▶ **WORK REQUIRED**:
Exact duplicates of all entries are needed.

▶ **THE DATA**:
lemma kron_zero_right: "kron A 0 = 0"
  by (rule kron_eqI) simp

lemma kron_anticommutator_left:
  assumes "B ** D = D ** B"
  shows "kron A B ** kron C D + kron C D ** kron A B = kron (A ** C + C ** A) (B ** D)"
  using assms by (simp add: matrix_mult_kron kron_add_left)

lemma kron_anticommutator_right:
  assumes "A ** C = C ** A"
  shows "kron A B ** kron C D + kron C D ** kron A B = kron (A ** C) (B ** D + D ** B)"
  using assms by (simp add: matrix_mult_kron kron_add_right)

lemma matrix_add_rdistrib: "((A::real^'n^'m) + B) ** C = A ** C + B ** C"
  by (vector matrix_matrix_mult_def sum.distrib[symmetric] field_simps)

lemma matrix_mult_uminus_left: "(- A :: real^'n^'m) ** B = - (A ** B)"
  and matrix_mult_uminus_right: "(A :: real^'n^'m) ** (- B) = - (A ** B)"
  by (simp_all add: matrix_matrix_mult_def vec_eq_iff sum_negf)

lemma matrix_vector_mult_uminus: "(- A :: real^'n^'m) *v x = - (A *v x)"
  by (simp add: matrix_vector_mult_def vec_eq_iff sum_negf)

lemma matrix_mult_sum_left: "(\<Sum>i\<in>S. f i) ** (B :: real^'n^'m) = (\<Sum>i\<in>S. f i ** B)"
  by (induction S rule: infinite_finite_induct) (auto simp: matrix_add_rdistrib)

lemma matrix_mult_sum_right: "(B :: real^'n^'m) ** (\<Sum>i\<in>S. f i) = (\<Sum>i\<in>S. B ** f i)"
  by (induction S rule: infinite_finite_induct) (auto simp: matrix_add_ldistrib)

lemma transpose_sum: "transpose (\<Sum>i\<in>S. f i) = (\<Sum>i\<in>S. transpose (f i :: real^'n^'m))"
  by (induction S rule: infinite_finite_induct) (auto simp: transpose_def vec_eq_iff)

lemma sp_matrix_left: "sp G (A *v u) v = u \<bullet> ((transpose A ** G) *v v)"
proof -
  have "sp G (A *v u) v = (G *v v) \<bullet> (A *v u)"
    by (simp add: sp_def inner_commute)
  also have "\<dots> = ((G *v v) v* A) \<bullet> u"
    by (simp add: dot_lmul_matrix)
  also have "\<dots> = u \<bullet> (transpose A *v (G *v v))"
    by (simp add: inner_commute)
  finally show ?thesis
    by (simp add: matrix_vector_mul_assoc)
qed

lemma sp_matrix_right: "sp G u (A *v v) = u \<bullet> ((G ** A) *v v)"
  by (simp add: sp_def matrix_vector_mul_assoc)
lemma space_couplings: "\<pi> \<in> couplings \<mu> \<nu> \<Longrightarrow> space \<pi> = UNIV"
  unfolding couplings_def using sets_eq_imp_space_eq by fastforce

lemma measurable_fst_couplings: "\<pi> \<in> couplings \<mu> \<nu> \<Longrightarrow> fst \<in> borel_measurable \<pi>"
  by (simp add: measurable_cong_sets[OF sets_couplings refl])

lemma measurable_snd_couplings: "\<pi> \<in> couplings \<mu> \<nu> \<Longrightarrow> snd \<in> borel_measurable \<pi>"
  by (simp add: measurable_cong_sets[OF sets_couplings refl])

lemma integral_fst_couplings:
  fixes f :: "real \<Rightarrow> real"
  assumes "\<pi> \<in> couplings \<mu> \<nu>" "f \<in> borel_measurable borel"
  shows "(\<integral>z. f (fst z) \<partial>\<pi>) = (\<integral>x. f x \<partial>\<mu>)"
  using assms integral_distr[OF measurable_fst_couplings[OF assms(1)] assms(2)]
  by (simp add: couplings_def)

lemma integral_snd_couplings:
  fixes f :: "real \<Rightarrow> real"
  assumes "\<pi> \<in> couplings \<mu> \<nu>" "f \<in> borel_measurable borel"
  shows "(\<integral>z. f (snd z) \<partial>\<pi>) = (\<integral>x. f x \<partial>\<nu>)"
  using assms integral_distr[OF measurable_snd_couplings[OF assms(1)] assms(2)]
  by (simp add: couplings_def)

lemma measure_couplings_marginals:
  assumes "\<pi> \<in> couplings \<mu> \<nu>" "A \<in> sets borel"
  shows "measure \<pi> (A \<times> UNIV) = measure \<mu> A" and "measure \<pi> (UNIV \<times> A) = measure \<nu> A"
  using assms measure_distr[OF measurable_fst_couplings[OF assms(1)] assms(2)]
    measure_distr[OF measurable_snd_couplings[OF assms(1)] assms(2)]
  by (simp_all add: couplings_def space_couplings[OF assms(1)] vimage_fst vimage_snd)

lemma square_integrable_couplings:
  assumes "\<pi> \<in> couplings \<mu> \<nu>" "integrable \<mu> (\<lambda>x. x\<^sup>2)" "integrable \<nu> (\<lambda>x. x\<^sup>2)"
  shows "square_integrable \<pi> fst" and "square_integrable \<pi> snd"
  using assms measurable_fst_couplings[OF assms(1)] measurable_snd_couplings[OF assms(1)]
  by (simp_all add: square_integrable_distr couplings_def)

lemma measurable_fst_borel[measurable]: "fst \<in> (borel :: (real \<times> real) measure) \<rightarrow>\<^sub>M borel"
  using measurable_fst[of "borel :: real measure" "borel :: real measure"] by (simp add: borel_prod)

▶ **EXPECTED ANSWER**:
lemma kron_zero_right: "kron A 0 = 0"
  by (rule kron_eqI) simp

lemma kron_anticommutator_left:
  assumes "B ** D = D ** B"
  shows "kron A B ** kron C D + kron C D ** kron A B = kron (A ** C + C ** A) (B ** D)"
  using assms by (simp add: matrix_mult_kron kron_add_left)

lemma kron_anticommutator_right:
  assumes "A ** C = C ** A"
  shows "kron A B ** kron C D + kron C D ** kron A B = kron (A ** C) (B ** D + D ** B)"
  using assms by (simp add: matrix_mult_kron kron_add_right)

lemma matrix_add_rdistrib: "((A::real^'n^'m) + B) ** C = A ** C + B ** C"
  by (vector matrix_matrix_mult_def sum.distrib[symmetric] field_simps)

lemma matrix_mult_uminus_left: "(- A :: real^'n^'m) ** B = - (A ** B)"
  and matrix_mult_uminus_right: "(A :: real^'n^'m) ** (- B) = - (A ** B)"
  by (simp_all add: matrix_matrix_mult_def vec_eq_iff sum_negf)

lemma matrix_vector_mult_uminus: "(- A :: real^'n^'m) *v x = - (A *v x)"
  by (simp add: matrix_vector_mult_def vec_eq_iff sum_negf)

lemma matrix_mult_sum_left: "(\<Sum>i\<in>S. f i) ** (B :: real^'n^'m) = (\<Sum>i\<in>S. f i ** B)"
  by (induction S rule: infinite_finite_induct) (auto simp: matrix_add_rdistrib)

lemma matrix_mult_sum_right: "(B :: real^'n^'m) ** (\<Sum>i\<in>S. f i) = (\<Sum>i\<in>S. B ** f i)"
  by (induction S rule: infinite_finite_induct) (auto simp: matrix_add_ldistrib)

lemma transpose_sum: "transpose (\<Sum>i\<in>S. f i) = (\<Sum>i\<in>S. transpose (f i :: real^'n^'m))"
  by (induction S rule: infinite_finite_induct) (auto simp: transpose_def vec_eq_iff)

lemma sp_matrix_left: "sp G (A *v u) v = u \<bullet> ((transpose A ** G) *v v)"
proof -
  have "sp G (A *v u) v = (G *v v) \<bullet> (A *v u)"
    by (simp add: sp_def inner_commute)
  also have "\<dots> = ((G *v v) v* A) \<bullet> u"
    by (simp add: dot_lmul_matrix)
  also have "\<dots> = u \<bullet> (transpose A *v (G *v v))"
    by (simp add: inner_commute)
  finally show ?thesis
    by (simp add: matrix_vector_mul_assoc)
qed

lemma sp_matrix_right: "sp G u (A *v v) = u \<bullet> ((G ** A) *v v)"
  by (simp add: sp_def matrix_vector_mul_assoc)
lemma space_couplings: "\<pi> \<in> couplings \<mu> \<nu> \<Longrightarrow> space \<pi> = UNIV"
  unfolding couplings_def using sets_eq_imp_space_eq by fastforce

lemma measurable_fst_couplings: "\<pi> \<in> couplings \<mu> \<nu> \<Longrightarrow> fst \<in> borel_measurable \<pi>"
  by (simp add: measurable_cong_sets[OF sets_couplings refl])

lemma measurable_snd_couplings: "\<pi> \<in> couplings \<mu> \<nu> \<Longrightarrow> snd \<in> borel_measurable \<pi>"
  by (simp add: measurable_cong_sets[OF sets_couplings refl])

lemma integral_fst_couplings:
  fixes f :: "real \<Rightarrow> real"
  assumes "\<pi> \<in> couplings \<mu> \<nu>" "f \<in> borel_measurable borel"
  shows "(\<integral>z. f (fst z) \<partial>\<pi>) = (\<integral>x. f x \<partial>\<mu>)"
  using assms integral_distr[OF measurable_fst_couplings[OF assms(1)] assms(2)]
  by (simp add: couplings_def)

lemma integral_snd_couplings:
  fixes f :: "real \<Rightarrow> real"
  assumes "\<pi> \<in> couplings \<mu> \<nu>" "f \<in> borel_measurable borel"
  shows "(\<integral>z. f (snd z) \<partial>\<pi>) = (\<integral>x. f x \<partial>\<nu>)"
  using assms integral_distr[OF measurable_snd_couplings[OF assms(1)] assms(2)]
  by (simp add: couplings_def)

lemma measure_couplings_marginals:
  assumes "\<pi> \<in> couplings \<mu> \<nu>" "A \<in> sets borel"
  shows "measure \<pi> (A \<times> UNIV) = measure \<mu> A" and "measure \<pi> (UNIV \<times> A) = measure \<nu> A"
  using assms measure_distr[OF measurable_fst_couplings[OF assms(1)] assms(2)]
    measure_distr[OF measurable_snd_couplings[OF assms(1)] assms(2)]
  by (simp_all add: couplings_def space_couplings[OF assms(1)] vimage_fst vimage_snd)

lemma square_integrable_couplings:
  assumes "\<pi> \<in> couplings \<mu> \<nu>" "integrable \<mu> (\<lambda>x. x\<^sup>2)" "integrable \<nu> (\<lambda>x. x\<^sup>2)"
  shows "square_integrable \<pi> fst" and "square_integrable \<pi> snd"
  using assms measurable_fst_couplings[OF assms(1)] measurable_snd_couplings[OF assms(1)]
  by (simp_all add: square_integrable_distr couplings_def)

lemma measurable_fst_borel[measurable]: "fst \<in> (borel :: (real \<times> real) measure) \<rightarrow>\<^sub>M borel"
  using measurable_fst[of "borel :: real measure" "borel :: real measure"] by (simp add: borel_prod)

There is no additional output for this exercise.